Task instructions:
Use the entries below and reproduce exactly the lines from the one containing "define p' where" down to the one containing "i))) \<le> (\<Sum>i.", both of them included.

--- Given records ---

lemma ex_cell_content_less: "0 < \<delta> \<Longrightarrow> \<exists>k. cell_content k < \<delta>"
proof -
  assume "0 < \<delta>"
  have "cell_content (int n) = l powr \<beta> * (2 powr (-\<beta>)) ^ n" for n
    using side_length_pos
    by (simp add: cell_content_def side_def powr_mult powr_powr powr_realpow[symmetric] mult.commute)
  moreover have "(\<lambda>n. l powr \<beta> * (2 powr (-\<beta>)) ^ n) \<longlonglongrightarrow> l powr \<beta> * 0"
    using beta_pos by (intro tendsto_intros) (simp add: powr_minus divide_simps)
  then have "\<forall>\<^sub>F n in sequentially. l powr \<beta> * (2 powr (-\<beta>)) ^ n < \<delta>"
    using \<open>0 < \<delta>\<close> by (simp add: order_tendstoD(2))
  ultimately show ?thesis
    by (metis (no_types, lifting) eventually_sequentially order_refl)
qed

text \<open>Indices outside \<open>I\<close> are filled with cells of arbitrarily small content.\<close>
lemma H_le_partial_cover:
  assumes "\<forall>i\<in>I. (p i, r i) \<in> dyadic_params a l" and "E \<subseteq> (\<Union>i\<in>I. cube (p i) (r i))"
  shows "H E \<le> (\<Sum>i. if i \<in> I then ennreal (r i powr \<beta>) else 0)"
proof (rule ennreal_le_epsilon)
  fix e :: real assume e: "0 < e"
  have "\<forall>i. \<exists>k. cell_content k < e * (1/2) ^ Suc i"
    using e by (intro allI ex_cell_content_less) simp
  then obtain k where k: "\<And>i. cell_content (k i) < e * (1/2) ^ Suc i" by metis
  define p' where "p' i = (if i \<in> I then p i else corner (k i) (\<lambda>_. 0))" for i
  define r' where "r' i = (if i \<in> I then r i else side (k i))" for i
  have "dyadic_cover p' r' E"
    using assms cell_in_dyadic_params by (force simp: dyadic_cover_def p'_def r'_def)
  then have "H E \<le> (\<Sum>i. ennreal (r' i powr \<beta>))" by (rule H_le_cover)
  also have "\<dots> = (\<Sum>i. (if i \<in> I then ennreal (r i powr \<beta>) else 0)
                      + (if i \<in> I then 0 else ennreal (cell_content (k i))))"
    by (intro suminf_cong) (simp add: r'_def cell_content_def)
  also have "\<dots> = (\<Sum>i. if i \<in> I then ennreal (r i powr \<beta>) else 0)
                  + (\<Sum>i. if i \<in> I then 0 else ennreal (cell_content (k i)))"
    by (rule suminf_add[symmetric]) auto
  also have "(\<Sum>i. if i \<in> I then 0 else ennreal (cell_content (k i))) \<le> (\<Sum>i. ennreal (e * (1/2) ^ Suc i))"
    by (intro suminf_le) (auto intro!: ennreal_leI less_imp_le[OF k] simp del: power_Suc)
  also have "\<dots> = ennreal e"
    using e by (intro suminf_ennreal_halves) simp
  finally show "H E \<le> (\<Sum>i. if i \<in> I then ennreal (r i powr \<beta>) else 0) + ennreal e"
    by (simp add: add_left_mono)
qed

lemma H_empty: "H {} = 0"
  using H_le_partial_cover[of "{}" _ _ "{}"] by simp

lemma H_countably_subadditive: "H (\<Union>n. E n) \<le> (\<Sum>n. H (E n))"
proof (rule ennreal_le_epsilon)
  fix e :: real assume finite: "(\<Sum>n. H (E n)) < top" and e: "0 < e"
  have "\<exists>p r. dyadic_cover p r (E n) \<and>
          (\<Sum>i. ennreal (r i powr \<beta>)) < H (E n) + ennreal (e * (1/2) ^ Suc n)" for n
  proof -
    have "H (E n) < top"
      using finite ennreal_le_suminf[of "\<lambda>n. H (E n)" n] by (simp add: top.not_eq_extremum)
    then have "H (E n) < H (E n) + ennreal (e * (1/2) ^ Suc n)"
      using e ennreal_add_left_cancel_less[of "H (E n)" 0] by (simp del: power_Suc)
    then show ?thesis by (elim obtain_cover_less) blast
  qed
  then obtain p r where pr: "\<And>n. dyadic_cover (p n) (r n) (E n)"
    and sum_pr: "\<And>n. (\<Sum>i. ennreal (r n i powr \<beta>)) < H (E n) + ennreal (e * (1/2) ^ Suc n)"
    by metis
  have "dyadic_cover (\<lambda>k. case_prod p (prod_decode k)) (\<lambda>k. case_prod r (prod_decode k)) (\<Union>n. E n)"
    unfolding dyadic_cover_def
  proof safe
    fix n x assume "x \<in> E n"
    then obtain i where "x \<in> cube (p n i) (r n i)" using pr[of n] by (auto simp: dyadic_cover_def)
    then show "x \<in> (\<Union>k. cube (case_prod p (prod_decode k)) (case_prod r (prod_decode k)))"
      by (intro UN_I[of "prod_encode (n, i)"]) auto
  qed (use pr in \<open>auto simp: dyadic_cover_def split: prod.split\<close>)
  then have "H (\<Union>n. E n) \<le> (\<Sum>k. ennreal (case_prod r (prod_decode k) powr \<beta>))"
    by (rule H_le_cover)
  also have "\<dots> = (\<Sum>n. \<Sum>i. ennreal (r n i powr \<beta>))"
    using suminf_ennreal_2dimen[where f="\<lambda>(n, i). ennreal (r n i powr \<beta>)"]
    by (simp add: case_prod_beta)
  also have "\<dots> \<le> (\<Sum>n. H (E n) + ennreal (e * (1/2) ^ Suc n))"
    using sum_pr by (intro suminf_le) (simp_all add: less_imp_le del: power_Suc)
  also have "\<dots> = (\<Sum>n. H (E n)) + (\<Sum>n. ennreal (e * (1/2) ^ Suc n))"
    by (rule suminf_add[symmetric]) auto
  also have "(\<Sum>n. ennreal (e * (1/2) ^ Suc n)) = ennreal e"
    using e by (intro suminf_ennreal_halves) simp
  finally show "H (\<Union>n. E n) \<le> (\<Sum>n. H (E n)) + ennreal e" .
qed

---

Answer for the task:
  define p' where "p' i = (if i \<in> I then p i else corner (k i) (\<lambda>_. 0))" for i
  define r' where "r' i = (if i \<in> I then r i else side (k i))" for i
  have "dyadic_cover p' r' E"
    using assms cell_in_dyadic_params by (force simp: dyadic_cover_def p'_def r'_def)
  then have "H E \<le> (\<Sum>i. ennreal (r' i powr \<beta>))" by (rule H_le_cover)
  also have "\<dots> = (\<Sum>i. (if i \<in> I then ennreal (r i powr \<beta>) else 0)
                      + (if i \<in> I then 0 else ennreal (cell_content (k i))))"
    by (intro suminf_cong) (simp add: r'_def cell_content_def)
  also have "\<dots> = (\<Sum>i. if i \<in> I then ennreal (r i powr \<beta>) else 0)
                  + (\<Sum>i. if i \<in> I then 0 else ennreal (cell_content (k i)))"
    by (rule suminf_add[symmetric]) auto
  also have "(\<Sum>i. if i \<in> I then 0 else ennreal (cell_content (k i))) \<le> (\<Sum>i. ennreal (e * (1/2) ^ Suc i))"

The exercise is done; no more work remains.